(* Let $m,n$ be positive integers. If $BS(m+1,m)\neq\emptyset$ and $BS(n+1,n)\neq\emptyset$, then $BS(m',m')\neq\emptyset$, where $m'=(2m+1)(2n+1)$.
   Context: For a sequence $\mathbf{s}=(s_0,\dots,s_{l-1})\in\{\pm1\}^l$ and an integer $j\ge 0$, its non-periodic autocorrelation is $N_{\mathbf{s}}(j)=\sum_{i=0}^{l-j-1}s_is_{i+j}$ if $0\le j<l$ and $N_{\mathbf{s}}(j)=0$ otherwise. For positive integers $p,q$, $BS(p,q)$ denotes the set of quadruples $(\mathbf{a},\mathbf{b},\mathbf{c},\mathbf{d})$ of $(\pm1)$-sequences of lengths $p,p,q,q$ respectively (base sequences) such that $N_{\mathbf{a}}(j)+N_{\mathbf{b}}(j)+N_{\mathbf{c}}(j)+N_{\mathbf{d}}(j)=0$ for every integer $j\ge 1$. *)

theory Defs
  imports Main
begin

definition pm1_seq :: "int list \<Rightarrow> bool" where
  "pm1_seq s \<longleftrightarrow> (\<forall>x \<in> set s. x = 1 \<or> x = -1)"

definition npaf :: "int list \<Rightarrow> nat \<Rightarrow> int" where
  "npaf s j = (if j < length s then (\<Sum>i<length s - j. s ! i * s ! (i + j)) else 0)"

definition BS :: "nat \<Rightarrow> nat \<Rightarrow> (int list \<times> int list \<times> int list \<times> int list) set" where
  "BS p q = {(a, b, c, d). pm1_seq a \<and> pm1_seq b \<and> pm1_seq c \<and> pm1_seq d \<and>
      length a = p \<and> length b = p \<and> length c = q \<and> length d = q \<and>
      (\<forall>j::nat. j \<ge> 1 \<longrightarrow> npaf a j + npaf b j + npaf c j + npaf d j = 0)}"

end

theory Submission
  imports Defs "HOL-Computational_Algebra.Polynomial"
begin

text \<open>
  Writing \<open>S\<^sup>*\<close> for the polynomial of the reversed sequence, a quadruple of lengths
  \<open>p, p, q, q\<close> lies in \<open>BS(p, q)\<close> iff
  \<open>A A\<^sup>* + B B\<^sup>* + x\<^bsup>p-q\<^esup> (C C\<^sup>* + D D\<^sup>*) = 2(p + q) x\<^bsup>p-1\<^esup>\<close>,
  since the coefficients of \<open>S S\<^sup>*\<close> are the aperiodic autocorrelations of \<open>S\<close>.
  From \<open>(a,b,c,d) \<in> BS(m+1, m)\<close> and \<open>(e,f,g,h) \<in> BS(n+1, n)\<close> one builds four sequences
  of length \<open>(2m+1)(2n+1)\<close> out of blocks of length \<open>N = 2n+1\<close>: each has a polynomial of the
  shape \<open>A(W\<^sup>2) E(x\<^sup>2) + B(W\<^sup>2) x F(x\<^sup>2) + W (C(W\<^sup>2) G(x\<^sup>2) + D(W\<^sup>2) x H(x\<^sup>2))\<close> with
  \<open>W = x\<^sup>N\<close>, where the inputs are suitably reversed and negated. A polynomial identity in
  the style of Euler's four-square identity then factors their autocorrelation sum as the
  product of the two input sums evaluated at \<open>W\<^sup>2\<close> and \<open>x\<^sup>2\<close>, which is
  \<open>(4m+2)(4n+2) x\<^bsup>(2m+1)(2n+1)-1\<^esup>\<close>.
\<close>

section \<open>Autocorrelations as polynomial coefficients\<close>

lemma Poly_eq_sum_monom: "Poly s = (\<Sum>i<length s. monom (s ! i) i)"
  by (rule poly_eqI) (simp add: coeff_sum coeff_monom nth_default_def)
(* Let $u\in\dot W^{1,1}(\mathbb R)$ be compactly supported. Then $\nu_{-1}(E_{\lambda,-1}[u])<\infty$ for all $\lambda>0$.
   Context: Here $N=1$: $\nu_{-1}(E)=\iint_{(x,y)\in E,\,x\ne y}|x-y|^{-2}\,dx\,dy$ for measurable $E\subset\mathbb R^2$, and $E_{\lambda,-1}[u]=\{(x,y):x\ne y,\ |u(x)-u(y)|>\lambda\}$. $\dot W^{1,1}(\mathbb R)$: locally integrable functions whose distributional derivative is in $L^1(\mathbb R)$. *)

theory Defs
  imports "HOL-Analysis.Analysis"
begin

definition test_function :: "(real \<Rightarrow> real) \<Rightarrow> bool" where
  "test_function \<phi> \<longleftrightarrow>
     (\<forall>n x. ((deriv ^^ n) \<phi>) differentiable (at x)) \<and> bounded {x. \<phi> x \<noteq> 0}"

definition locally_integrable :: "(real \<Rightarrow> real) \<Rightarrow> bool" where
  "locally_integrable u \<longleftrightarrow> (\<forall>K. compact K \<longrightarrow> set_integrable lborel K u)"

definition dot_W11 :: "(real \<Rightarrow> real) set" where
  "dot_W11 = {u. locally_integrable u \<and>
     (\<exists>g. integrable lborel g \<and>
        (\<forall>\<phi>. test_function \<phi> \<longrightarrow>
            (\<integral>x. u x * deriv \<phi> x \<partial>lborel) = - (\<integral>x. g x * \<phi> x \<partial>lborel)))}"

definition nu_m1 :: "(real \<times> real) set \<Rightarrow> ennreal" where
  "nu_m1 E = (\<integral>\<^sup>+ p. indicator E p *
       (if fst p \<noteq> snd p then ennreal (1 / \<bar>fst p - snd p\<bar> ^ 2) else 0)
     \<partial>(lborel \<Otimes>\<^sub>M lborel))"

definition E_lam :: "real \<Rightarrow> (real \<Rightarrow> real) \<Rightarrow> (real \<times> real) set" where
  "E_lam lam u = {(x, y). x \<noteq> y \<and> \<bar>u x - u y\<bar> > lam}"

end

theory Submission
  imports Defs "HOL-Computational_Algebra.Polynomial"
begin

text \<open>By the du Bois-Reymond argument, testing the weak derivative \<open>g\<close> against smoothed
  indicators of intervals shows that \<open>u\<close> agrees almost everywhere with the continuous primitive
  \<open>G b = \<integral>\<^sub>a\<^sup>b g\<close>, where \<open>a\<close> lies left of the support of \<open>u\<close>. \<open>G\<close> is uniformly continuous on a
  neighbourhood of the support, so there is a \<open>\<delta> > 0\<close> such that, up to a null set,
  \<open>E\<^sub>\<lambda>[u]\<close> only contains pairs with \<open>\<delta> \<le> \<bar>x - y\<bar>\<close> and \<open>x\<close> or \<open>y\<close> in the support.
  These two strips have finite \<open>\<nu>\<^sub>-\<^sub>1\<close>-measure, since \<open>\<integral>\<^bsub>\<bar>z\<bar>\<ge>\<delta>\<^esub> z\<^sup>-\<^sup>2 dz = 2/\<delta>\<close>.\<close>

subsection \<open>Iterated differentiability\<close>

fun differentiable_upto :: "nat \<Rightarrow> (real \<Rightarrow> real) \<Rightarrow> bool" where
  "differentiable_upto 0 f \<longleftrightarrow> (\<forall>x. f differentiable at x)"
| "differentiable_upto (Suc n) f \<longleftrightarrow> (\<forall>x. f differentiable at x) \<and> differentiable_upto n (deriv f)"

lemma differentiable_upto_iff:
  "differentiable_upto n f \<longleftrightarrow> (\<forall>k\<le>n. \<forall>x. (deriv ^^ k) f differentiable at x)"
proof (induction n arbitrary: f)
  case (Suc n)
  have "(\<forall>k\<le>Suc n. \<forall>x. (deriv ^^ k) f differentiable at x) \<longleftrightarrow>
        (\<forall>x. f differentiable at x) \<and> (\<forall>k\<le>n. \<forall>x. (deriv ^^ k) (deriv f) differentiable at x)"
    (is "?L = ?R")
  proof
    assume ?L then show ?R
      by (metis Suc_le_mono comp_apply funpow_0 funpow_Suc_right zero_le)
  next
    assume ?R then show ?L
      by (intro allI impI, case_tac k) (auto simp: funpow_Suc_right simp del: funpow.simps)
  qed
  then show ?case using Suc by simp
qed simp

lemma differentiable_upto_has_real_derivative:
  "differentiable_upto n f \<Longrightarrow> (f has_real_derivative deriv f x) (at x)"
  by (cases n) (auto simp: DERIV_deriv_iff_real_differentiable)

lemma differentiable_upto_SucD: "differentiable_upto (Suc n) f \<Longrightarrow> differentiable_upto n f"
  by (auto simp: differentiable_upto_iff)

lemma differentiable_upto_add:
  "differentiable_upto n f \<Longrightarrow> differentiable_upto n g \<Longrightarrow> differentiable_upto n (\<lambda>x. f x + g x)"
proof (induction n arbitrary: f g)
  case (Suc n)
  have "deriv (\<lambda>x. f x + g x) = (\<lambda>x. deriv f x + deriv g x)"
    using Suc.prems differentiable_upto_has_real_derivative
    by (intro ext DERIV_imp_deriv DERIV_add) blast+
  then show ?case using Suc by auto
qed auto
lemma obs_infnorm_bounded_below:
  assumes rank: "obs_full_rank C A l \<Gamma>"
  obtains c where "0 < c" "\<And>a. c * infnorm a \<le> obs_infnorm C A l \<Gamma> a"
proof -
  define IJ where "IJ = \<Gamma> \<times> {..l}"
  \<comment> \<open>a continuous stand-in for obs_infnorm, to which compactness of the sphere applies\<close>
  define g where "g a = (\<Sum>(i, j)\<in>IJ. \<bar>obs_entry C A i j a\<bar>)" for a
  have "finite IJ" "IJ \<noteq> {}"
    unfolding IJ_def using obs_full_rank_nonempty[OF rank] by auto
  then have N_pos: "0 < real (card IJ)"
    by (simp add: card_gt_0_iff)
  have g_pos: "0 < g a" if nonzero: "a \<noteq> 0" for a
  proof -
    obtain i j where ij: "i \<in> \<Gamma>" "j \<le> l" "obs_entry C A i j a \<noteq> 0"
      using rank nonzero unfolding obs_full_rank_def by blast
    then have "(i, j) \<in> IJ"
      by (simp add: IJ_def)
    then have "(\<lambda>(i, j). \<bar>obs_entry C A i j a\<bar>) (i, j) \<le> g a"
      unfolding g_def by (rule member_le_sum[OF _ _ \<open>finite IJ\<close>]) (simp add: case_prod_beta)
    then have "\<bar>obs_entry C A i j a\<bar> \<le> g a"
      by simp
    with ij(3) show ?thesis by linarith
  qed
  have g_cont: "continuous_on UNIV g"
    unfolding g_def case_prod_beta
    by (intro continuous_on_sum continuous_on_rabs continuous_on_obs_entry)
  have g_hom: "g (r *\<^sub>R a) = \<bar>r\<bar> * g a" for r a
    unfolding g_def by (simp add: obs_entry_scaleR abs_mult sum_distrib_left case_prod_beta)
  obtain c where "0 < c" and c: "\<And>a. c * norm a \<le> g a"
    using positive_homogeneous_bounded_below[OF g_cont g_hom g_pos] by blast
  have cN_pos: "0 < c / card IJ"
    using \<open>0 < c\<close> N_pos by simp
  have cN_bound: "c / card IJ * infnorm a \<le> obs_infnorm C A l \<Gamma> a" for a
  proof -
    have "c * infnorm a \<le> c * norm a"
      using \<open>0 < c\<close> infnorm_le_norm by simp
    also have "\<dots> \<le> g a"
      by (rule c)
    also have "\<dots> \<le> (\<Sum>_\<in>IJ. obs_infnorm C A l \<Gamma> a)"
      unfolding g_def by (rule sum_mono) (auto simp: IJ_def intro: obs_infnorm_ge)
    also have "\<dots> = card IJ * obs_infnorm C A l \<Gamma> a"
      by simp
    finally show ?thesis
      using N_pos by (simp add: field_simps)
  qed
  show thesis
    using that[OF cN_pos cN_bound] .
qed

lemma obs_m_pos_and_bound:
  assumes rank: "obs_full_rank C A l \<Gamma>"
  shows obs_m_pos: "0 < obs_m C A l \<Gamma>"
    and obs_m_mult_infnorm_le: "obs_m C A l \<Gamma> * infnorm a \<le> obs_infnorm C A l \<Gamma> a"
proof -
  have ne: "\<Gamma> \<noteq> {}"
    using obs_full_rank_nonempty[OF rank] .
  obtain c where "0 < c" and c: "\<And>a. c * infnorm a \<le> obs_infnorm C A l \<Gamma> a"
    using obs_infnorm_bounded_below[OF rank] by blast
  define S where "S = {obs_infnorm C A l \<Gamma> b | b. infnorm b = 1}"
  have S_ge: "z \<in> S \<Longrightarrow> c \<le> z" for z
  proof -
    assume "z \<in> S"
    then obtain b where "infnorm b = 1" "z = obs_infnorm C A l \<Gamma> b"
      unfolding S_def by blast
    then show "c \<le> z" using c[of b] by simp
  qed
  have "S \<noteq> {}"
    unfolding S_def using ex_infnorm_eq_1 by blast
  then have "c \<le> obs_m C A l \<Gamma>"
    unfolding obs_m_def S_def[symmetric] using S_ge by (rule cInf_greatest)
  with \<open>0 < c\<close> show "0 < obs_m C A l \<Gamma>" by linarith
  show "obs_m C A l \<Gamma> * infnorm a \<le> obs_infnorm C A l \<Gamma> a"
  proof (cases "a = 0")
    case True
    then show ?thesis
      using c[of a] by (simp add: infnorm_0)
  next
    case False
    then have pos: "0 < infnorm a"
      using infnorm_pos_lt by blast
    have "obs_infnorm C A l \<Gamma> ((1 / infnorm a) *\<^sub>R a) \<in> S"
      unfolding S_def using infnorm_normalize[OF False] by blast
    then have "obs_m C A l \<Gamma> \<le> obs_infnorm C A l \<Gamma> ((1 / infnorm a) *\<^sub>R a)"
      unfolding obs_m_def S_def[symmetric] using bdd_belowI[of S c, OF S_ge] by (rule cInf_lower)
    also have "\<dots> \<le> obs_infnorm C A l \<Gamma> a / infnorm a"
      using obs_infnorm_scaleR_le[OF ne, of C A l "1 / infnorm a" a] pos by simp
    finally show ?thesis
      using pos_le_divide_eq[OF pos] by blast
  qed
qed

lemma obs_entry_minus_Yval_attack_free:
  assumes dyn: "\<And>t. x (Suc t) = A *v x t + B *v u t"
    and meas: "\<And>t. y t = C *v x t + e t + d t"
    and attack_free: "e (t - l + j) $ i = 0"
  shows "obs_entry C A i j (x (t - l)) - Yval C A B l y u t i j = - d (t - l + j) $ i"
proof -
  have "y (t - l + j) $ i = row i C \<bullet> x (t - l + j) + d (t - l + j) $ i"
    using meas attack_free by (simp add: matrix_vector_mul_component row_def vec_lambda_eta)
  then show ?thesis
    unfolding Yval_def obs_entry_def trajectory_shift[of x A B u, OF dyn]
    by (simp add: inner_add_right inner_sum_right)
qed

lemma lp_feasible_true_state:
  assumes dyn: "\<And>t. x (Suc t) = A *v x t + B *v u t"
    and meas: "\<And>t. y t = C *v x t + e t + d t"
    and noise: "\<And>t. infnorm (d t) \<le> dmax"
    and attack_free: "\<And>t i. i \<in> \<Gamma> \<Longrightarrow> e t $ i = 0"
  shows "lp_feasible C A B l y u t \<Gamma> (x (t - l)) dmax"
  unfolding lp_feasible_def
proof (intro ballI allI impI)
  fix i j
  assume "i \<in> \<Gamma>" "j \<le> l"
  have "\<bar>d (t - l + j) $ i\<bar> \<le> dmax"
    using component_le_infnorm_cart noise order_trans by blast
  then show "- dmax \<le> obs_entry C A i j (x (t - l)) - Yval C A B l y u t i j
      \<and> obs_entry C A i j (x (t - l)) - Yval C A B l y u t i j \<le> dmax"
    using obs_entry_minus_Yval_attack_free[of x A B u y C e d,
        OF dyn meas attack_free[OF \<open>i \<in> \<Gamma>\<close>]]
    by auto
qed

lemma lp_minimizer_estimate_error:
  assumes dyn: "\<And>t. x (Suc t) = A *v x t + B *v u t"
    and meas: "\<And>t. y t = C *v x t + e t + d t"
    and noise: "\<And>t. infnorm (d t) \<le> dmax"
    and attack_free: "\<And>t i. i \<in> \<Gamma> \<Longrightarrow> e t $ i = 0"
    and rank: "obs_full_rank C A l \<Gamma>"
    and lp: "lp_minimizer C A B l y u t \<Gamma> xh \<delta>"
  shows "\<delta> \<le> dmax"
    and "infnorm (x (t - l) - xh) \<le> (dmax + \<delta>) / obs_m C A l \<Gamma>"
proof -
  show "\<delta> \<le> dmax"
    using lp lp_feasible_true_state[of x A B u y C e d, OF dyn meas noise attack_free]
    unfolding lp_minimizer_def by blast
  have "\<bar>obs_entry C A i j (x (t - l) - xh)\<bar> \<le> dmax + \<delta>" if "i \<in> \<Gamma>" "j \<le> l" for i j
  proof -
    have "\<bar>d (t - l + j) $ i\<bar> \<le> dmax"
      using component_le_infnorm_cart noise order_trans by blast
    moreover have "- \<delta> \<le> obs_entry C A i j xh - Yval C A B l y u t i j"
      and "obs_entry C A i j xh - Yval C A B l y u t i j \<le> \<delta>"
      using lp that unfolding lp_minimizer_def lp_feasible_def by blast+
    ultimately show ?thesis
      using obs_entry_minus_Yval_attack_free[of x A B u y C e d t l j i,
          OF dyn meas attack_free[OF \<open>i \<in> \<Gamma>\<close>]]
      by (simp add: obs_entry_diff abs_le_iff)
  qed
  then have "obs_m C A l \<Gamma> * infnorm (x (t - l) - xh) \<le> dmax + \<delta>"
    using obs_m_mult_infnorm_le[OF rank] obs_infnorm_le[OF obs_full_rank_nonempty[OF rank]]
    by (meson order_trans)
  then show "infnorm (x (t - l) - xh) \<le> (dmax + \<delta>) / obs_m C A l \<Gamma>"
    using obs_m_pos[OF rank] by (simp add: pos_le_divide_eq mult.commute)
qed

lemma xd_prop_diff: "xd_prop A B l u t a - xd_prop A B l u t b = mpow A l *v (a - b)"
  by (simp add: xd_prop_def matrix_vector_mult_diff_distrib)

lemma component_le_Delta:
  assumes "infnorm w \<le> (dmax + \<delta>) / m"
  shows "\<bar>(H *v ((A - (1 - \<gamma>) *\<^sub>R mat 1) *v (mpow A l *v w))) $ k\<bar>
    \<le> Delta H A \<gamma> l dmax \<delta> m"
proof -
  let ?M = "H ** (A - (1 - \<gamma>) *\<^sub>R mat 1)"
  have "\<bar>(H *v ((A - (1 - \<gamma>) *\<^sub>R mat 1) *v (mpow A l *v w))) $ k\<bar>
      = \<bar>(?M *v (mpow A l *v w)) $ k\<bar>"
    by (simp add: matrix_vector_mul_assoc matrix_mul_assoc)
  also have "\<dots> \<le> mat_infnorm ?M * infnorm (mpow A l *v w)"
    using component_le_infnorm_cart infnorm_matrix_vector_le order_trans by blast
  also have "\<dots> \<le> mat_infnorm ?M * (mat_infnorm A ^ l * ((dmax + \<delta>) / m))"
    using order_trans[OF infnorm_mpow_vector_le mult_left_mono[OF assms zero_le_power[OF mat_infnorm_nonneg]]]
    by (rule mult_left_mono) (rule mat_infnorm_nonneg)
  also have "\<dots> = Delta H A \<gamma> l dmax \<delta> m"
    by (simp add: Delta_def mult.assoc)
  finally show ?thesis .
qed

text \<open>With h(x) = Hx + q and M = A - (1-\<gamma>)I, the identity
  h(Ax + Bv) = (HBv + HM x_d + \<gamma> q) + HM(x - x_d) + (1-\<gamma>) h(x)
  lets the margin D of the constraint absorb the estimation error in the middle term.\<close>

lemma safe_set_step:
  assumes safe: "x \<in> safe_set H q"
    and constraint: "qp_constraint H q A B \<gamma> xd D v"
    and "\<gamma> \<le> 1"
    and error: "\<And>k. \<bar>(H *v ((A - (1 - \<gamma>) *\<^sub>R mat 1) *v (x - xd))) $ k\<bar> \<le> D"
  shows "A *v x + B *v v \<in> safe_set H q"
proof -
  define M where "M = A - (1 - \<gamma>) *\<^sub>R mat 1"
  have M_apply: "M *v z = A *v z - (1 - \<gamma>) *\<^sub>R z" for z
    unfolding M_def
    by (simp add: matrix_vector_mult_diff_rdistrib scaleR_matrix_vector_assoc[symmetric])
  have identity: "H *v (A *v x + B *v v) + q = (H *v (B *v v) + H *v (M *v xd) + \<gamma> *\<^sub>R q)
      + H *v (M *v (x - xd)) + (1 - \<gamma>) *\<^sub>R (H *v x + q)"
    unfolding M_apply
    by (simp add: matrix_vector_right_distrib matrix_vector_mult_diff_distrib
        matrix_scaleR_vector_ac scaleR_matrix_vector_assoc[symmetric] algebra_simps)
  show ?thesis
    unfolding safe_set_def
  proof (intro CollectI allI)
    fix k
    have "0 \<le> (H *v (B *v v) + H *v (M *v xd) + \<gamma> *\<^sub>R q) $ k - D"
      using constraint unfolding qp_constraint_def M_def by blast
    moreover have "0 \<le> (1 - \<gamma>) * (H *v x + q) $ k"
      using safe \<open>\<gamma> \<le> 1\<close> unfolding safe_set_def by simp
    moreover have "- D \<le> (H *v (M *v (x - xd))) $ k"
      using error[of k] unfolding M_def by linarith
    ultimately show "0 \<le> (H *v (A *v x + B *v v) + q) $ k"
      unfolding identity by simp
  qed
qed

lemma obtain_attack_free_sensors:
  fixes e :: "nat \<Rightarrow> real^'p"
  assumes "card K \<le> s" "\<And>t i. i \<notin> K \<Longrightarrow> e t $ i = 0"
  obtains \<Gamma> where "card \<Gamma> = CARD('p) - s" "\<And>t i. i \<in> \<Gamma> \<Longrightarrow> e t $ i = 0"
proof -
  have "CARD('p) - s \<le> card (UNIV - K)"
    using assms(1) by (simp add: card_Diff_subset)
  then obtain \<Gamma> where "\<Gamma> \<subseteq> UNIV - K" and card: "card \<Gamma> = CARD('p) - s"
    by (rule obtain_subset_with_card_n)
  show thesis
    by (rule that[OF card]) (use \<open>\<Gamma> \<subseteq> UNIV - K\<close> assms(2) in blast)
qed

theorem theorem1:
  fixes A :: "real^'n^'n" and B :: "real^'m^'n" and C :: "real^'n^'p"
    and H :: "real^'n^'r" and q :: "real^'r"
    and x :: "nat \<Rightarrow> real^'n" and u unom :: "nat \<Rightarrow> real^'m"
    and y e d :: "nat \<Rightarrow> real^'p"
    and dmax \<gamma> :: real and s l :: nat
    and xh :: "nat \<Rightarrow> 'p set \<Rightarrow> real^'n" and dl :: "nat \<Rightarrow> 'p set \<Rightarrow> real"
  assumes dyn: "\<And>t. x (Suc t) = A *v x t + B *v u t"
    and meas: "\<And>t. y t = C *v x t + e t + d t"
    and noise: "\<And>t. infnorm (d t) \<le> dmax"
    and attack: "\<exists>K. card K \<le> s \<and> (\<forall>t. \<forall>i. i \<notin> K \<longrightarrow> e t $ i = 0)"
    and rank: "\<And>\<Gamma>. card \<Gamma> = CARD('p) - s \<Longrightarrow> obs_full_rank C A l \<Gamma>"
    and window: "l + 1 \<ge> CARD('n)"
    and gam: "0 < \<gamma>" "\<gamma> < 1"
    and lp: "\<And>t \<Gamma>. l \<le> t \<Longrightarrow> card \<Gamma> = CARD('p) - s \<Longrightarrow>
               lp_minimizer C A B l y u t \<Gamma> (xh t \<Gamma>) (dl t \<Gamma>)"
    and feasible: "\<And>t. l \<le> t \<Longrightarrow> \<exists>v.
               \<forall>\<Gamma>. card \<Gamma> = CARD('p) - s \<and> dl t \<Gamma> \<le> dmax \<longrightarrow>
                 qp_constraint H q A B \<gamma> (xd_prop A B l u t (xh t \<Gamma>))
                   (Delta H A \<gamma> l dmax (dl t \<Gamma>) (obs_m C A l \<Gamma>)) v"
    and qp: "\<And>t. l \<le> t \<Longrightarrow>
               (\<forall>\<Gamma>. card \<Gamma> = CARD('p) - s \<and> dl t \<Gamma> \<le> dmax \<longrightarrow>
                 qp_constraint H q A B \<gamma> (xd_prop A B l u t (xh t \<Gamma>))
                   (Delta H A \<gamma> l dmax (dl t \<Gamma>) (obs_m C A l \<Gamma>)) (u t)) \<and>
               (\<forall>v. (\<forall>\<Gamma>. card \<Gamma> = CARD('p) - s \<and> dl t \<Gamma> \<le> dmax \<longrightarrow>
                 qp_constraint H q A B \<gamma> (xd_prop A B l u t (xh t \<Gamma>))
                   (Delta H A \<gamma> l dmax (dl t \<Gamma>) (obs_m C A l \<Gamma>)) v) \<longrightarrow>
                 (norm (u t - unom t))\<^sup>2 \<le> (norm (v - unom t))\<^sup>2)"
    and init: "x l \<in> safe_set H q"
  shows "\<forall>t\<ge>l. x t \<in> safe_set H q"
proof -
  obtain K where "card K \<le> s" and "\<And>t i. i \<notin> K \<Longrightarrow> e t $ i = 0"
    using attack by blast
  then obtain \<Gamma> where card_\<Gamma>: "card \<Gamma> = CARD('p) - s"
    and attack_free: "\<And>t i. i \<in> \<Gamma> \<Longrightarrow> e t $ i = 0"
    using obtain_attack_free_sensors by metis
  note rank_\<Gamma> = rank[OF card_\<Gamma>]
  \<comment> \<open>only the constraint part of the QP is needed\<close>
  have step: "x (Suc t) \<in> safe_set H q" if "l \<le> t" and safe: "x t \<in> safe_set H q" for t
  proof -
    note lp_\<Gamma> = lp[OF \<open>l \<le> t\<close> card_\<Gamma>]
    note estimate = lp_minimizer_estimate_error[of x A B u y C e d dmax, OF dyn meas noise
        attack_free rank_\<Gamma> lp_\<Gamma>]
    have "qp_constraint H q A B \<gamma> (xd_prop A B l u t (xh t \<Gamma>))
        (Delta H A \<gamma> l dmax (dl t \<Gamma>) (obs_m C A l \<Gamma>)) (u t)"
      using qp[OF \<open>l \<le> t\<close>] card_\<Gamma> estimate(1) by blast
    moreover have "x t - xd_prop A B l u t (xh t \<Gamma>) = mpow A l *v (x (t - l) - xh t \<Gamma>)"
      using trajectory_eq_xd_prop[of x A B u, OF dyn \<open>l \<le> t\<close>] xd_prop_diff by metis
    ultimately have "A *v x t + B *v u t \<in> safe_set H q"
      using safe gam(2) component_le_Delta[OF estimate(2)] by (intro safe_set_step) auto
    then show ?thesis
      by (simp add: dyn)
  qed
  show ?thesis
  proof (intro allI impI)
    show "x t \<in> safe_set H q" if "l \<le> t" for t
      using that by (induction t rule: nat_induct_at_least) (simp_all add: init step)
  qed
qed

= = =

Exercise aim
Filter the records for the word "UNIV" and show every line that has it.

Solution to this exercise
  have g_cont: "continuous_on UNIV g"
  have "CARD('p) - s \<le> card (UNIV - K)"
  then obtain \<Gamma> where "\<Gamma> \<subseteq> UNIV - K" and card: "card \<Gamma> = CARD('p) - s"
    by (rule that[OF card]) (use \<open>\<Gamma> \<subseteq> UNIV - K\<close> assms(2) in blast)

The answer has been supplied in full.